AIA boosts dividend 17 per cent as first-half profit beats estimates; CEO upbeat on China’s middle class
AIA Group expects to see robust growth from China and Hong Kong markets in coming years, fuelled by rising affluence among China’s middle class, AIA’s chief executive said, after Asia’s third-largest insurer by market value posted better-than-expected profit in the first half and hiked its dividend by 17 per cent.
AIA reported Thursday that its net profit dropped 6 per cent year on year to US$2.065 billion in the six months ended May 31 on an actual exchange rate basis. On a constant exchange rate basis, net profit dropped 2 per cent from the same period a year earlier. The figures are well above the range of market expectations of US$1.49 billion to US$1.88 billion, representing a year-on-year fall of 14 per cent to 31 per cent, as strong growth in new business in Hong Kong and China helped offset losses on equity investments.
AIA said it would increase its interim dividend to 21.9 Hong Kong cents per share, compared with the 18.72 Hong Kong cents per share a year ago.
“Hong Kong and China are two big growth drivers in the value of new business,” said Mark Tucker, chief executive of AIA, in an interview with the Post.
“In Hong Kong, it’s a mix of local Hong Kong Chinese and mainland customers [driving sales]. In China, the economic headline growth is still strong and there is a big protection gap between what people need and what people have in insurance, thus there is a great potential for us to grow our business,” he said.
Tucker said the insurance coverage gap could be more than US$50 trillion.
The value of new business (VONB), a key gauge of the company’s profitability that measures expected profits from new premiums, jumped 37 per cent year on year to US$1.26 billion on a constant exchange rate basis, top of the market expectations range.

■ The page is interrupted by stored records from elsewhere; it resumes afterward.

lemma cube_root_parameters:
  fixes n :: nat
  assumes "8 \<le> n" and d_def: "d = nat \<lfloor>real n powr (1/3)\<rfloor>" and c_def: "c = real n / real d ^ 2 - 1"
  shows "0 \<le> c" and "real d ^ 2 * (1 + c) = real n"
    and "real n powr (1/6) / 40 \<le> c * real d * sqrt (2 / pi) / sqrt (real d * c\<^sup>2 + real (2*n - 1 - d))"
proof -
  define t where "t = real n powr (1/3)"
  have t3: "t ^ 3 = real n"
    using \<open>8 \<le> n\<close> by (simp add: t_def powr_realpow[symmetric] powr_powr)
  have "2 \<le> t"
  proof (rule ccontr)
    assume "\<not> 2 \<le> t"
    then have "t ^ 3 < 2 ^ 3"
      by (intro power_strict_mono) (auto simp: t_def)
    then show False
      using \<open>8 \<le> n\<close> t3 by simp
  qed
  then have "t / 2 \<le> real d" "real d \<le> t"
    unfolding d_def t_def[symmetric] by linarith+
  then show d: "real d ^ 2 * (1 + c) = real n"
    using \<open>2 \<le> t\<close> by (simp add: c_def)
  have "0 \<le> c" and ratio: "t\<^sup>2 / (40 * sqrt (t ^ 3))
      \<le> c * real d * sqrt (2 / pi) / sqrt (real d * c\<^sup>2 + real (2*n - 1 - d))"
    using width_lower_bound_arith[OF \<open>2 \<le> t\<close> \<open>t / 2 \<le> real d\<close> \<open>real d \<le> t\<close>,
        where c = c and B = "real (2*n - 1 - d)"] d t3
    by auto
  then show "0 \<le> c"
    by simp
  have "real n powr (1/6) / 40 = real n powr (2/3) / real n powr (1/2) / 40"
    using \<open>8 \<le> n\<close> by (simp add: powr_diff[symmetric])
  also have "\<dots> = t\<^sup>2 / (40 * sqrt (t ^ 3))"
    unfolding t3 using \<open>8 \<le> n\<close>
    by (simp add: t_def powr_realpow[symmetric] powr_powr powr_half_sqrt)
  also note ratio
  finally show "real n powr (1/6) / 40
      \<le> c * real d * sqrt (2 / pi) / sqrt (real d * c\<^sup>2 + real (2*n - 1 - d))" .
qed

theorem theorem2:
  shows "\<exists>C>0. \<exists>N. \<forall>n\<ge>N.
           gaussian_width (2*n - 1) (descent_set n) \<ge> C * real n powr (1/6)"
proof (intro exI[of _ "1/40"] exI[of _ "8::nat"] conjI allI impI)
  fix n :: nat assume "8 \<le> n"
  define d where "d = nat \<lfloor>real n powr (1/3)\<rfloor>"
  define c where "c = real n / real d ^ 2 - 1"
  note parameters = cube_root_parameters[OF \<open>8 \<le> n\<close> d_def c_def]
  have "c * real d * sqrt (2 / pi) / sqrt (real d * c\<^sup>2 + real (2*n - 1 - d))
      \<le> gaussian_width (2*n - 1) (descent_set n)"
    using \<open>8 \<le> n\<close> parameters(1,2) by (intro gaussian_width_descent_set_ge) auto
  then show "1/40 * real n powr (1/6) \<le> gaussian_width (2*n - 1) (descent_set n)"
    using parameters(3) by linarith
qed simp

end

In particular, Hong Kong and mainland China reported the biggest year-on-year increases in VONB, up 60 per cent and 56 per cent respectively.
However, there are concerns whether the strong momentum in Hong Kong’s volume growth driven by mainland customers is sustainable.

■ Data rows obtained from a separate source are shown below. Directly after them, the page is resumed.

theorem mainTheorem6:
  fixes M M0 M1 :: "(real^'n) set" and F :: "real^'n \<Rightarrow> real^'n"
  assumes "closed M"
    and "F ` M \<subseteq> M"
    and "continuous_on M F"
    and "bounded (F ` M)"
    and "M = M0 \<union> M1" and "M0 \<inter> M1 = {}"
    and "closed M0"
    and "F ` M0 \<subseteq> M0" and "F ` M1 \<subseteq> M1"
    and "finite {K. ap_basic_class M M0 F K \<and> K \<subseteq> M1}"
    and "\<forall>K. ap_basic_class M M0 F K \<and> K \<subseteq> M1 \<longrightarrow> closed K"
  shows "(\<exists>\<theta>0>0. \<forall>\<theta>. 0 < \<theta> \<and> \<theta> < \<theta>0 \<longrightarrow>
            (\<exists>\<delta>. 0 < \<delta> \<and> \<delta> < \<theta> \<and>
              (\<forall>K K' \<xi> n.
                 ap_basic_class M M0 F K \<and> K \<subseteq> M1 \<and>
                 ap_basic_class M M0 F K' \<and> K' \<subseteq> M1 \<and>
                 ap_pseudoorbit M M0 F \<delta> \<xi> n \<and>
                 dset (\<xi> 0) K < \<delta> \<and> dset (\<xi> n) K' < \<delta> \<and>
                 (\<exists>j\<in>{1..n}. dset (\<xi> j) K > \<theta>)
                 \<longrightarrow> K \<noteq> K' \<and> class_less M M0 F K K')))
       \<and> (\<forall>\<delta>'>0. \<exists>\<delta> n0. 0 < \<delta> \<and> \<delta> < \<delta>' \<and> 1 \<le> n0 \<and>
            (\<forall>\<xi> n. ap_pseudoorbit M M0 F \<delta> \<xi> n \<and> n > n0 \<longrightarrow>
               (\<exists>j\<le>n. \<xi> j \<in> nbhd M \<delta>' (R_ap M M0 F))))"
proof -
  interpret ap_split_dynamics M M0 F M1
    by unfold_locales (fact assms)+
  show ?thesis
    using excursions_between_classes[OF assms(10,11)] long_pseudoorbits_visit_R_ap by blast
qed

end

Chinese regulators and state-run card company UnionPay have tightened restrictions on mainlanders’ buying of Hong Kong insurance products since February, a move seen as likely to curb capital outflows which have surged since the yuan’s surprise depreciation last August.
“It may be quite difficult for China and Hong Kong markets to maintain an annualised growth rate for value of new business above 25 per cent in the next two to three years,” said Jerry Li, an analyst for China Merchants Securities, in a phone interview.
Goldman Sachs analysts also expressed doubts whether the new business would be sustainable in the long term.
“This should normalise at some point, thus we do not think it is realistic to expect continued approximately 40 per cent VONB growth for the long run,” said Goldman analysts in a recent note.
Nonetheless, Tucker believes the trend of insurance growth in China and H
ong Kong will continue, driven by factors such as rising disposable incomes, demographic changes and urbanisation.
“All of these factors mean more people will come into the middle class, and more people will need protection,” he said.
“The speed of that [change] is rapid. And the market is big enough,” he said. “We are confident in the future outlook of the company.”
AIA’s embedded value also increased 5 per cent year on year to US$40.07 billion in the first half, in line with market expectations. Earnings per share were 17.25 US cents, lower than 18.41 US cents in the same period a year earlier.
Tucker also said the company’s investments were mostly shielded from currency volatility.
“We don’t have a big portfolio of interest-sensitive products,” he said. “We are focused on the protection side of the business. Therefore, we are not that exposed.”